Stored items
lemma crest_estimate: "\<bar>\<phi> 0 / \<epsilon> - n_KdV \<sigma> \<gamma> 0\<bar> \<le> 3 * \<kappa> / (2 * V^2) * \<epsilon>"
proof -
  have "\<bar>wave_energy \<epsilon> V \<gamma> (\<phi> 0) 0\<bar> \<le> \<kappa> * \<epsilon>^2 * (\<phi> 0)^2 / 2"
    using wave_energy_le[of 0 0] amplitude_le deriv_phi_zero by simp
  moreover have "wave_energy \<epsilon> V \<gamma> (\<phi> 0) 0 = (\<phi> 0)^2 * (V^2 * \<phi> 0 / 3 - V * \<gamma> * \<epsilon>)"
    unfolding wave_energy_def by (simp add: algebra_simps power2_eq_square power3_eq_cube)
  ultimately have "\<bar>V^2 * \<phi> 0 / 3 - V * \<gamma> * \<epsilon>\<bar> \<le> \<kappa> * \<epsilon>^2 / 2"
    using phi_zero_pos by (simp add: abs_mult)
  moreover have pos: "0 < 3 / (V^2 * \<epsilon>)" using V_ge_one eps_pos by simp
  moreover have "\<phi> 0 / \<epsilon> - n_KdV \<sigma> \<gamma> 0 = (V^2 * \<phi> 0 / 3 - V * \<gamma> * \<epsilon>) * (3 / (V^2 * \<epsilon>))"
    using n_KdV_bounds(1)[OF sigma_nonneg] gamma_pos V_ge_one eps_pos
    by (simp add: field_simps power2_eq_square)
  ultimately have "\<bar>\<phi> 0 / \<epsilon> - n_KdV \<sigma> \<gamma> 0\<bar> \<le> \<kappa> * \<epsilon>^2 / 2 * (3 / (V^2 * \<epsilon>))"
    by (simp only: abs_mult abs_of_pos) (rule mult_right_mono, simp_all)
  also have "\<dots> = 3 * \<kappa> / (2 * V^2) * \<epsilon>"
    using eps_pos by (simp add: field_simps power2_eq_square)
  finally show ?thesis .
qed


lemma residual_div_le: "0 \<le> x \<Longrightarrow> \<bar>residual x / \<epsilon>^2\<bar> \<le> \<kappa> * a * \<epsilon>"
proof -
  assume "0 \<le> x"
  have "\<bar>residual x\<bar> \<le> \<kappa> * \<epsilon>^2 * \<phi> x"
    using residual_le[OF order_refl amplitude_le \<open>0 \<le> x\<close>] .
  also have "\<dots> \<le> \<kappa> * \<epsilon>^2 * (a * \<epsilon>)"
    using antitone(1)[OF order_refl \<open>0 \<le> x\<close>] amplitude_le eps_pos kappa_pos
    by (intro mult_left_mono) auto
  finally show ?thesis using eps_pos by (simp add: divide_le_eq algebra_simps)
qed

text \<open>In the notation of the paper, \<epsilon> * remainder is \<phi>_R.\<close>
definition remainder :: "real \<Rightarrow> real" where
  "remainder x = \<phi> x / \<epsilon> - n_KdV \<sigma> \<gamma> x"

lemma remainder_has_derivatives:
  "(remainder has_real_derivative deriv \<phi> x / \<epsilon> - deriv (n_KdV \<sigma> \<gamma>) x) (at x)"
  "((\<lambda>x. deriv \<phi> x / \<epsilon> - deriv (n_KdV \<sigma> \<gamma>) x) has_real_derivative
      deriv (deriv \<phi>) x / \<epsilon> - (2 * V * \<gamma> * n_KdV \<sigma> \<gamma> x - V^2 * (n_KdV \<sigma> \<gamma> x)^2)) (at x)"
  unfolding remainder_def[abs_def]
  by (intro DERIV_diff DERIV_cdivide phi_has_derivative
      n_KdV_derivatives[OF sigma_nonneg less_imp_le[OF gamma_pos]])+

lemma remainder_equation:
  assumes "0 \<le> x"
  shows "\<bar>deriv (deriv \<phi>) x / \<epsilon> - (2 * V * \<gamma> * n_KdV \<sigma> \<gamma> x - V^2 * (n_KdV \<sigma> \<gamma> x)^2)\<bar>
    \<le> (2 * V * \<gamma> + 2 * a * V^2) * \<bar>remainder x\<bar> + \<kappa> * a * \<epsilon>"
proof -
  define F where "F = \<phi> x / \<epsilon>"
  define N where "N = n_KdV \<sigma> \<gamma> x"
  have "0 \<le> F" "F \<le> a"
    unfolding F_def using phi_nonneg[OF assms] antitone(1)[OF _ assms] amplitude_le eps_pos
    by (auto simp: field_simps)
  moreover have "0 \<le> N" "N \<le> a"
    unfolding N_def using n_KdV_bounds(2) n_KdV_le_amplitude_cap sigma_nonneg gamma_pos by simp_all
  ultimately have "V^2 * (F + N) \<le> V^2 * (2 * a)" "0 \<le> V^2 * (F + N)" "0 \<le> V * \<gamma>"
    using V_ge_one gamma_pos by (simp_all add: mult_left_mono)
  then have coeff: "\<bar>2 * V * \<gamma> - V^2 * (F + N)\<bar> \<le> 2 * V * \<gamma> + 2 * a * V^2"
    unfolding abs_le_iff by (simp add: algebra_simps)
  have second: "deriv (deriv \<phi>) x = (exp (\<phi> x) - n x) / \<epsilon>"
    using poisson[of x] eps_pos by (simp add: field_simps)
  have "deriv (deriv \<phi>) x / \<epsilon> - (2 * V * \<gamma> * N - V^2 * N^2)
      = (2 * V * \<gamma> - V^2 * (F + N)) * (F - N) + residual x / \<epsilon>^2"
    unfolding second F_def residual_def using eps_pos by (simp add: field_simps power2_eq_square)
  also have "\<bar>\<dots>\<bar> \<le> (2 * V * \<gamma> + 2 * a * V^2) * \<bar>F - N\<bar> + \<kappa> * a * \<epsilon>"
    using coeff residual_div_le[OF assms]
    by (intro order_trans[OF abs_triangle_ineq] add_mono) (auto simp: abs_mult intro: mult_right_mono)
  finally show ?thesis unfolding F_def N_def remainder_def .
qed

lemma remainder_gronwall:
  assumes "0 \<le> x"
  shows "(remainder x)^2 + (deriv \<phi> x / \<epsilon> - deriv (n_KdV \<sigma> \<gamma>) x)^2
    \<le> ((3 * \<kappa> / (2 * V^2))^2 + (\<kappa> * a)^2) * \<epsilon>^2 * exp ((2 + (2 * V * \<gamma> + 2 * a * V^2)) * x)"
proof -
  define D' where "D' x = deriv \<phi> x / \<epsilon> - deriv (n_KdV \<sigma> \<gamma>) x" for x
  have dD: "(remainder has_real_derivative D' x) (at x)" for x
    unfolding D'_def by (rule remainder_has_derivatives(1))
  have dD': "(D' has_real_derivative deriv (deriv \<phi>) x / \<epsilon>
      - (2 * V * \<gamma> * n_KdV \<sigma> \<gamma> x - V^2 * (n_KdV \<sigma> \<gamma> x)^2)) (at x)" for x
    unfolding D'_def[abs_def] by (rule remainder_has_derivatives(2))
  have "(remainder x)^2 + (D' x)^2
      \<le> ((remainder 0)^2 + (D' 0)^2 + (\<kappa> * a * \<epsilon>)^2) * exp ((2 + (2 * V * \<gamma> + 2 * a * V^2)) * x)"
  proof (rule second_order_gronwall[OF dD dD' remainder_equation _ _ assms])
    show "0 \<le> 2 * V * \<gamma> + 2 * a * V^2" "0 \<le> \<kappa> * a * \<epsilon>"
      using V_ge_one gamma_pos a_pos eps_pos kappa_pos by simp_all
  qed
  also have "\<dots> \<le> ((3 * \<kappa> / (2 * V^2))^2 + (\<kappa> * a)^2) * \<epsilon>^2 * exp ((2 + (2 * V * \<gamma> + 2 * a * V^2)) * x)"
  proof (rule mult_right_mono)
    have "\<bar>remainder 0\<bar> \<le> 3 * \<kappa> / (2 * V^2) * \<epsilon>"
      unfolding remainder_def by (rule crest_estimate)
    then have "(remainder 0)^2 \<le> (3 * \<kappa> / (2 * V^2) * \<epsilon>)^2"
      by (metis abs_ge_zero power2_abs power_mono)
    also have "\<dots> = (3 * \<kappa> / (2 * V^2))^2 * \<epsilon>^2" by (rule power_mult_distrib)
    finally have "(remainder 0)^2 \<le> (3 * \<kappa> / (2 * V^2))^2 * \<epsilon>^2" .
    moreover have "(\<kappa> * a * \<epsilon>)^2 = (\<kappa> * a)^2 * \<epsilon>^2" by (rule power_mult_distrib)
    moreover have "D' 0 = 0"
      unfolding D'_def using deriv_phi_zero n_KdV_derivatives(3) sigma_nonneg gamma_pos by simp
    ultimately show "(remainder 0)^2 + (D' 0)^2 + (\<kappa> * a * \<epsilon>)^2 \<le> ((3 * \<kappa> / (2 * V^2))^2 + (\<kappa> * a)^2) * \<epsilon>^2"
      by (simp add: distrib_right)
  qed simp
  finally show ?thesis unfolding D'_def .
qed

**Task requirements:** Only a number belongs in the answer: state how many lines of the entries above hold "moreover".

**Exercise result:** 6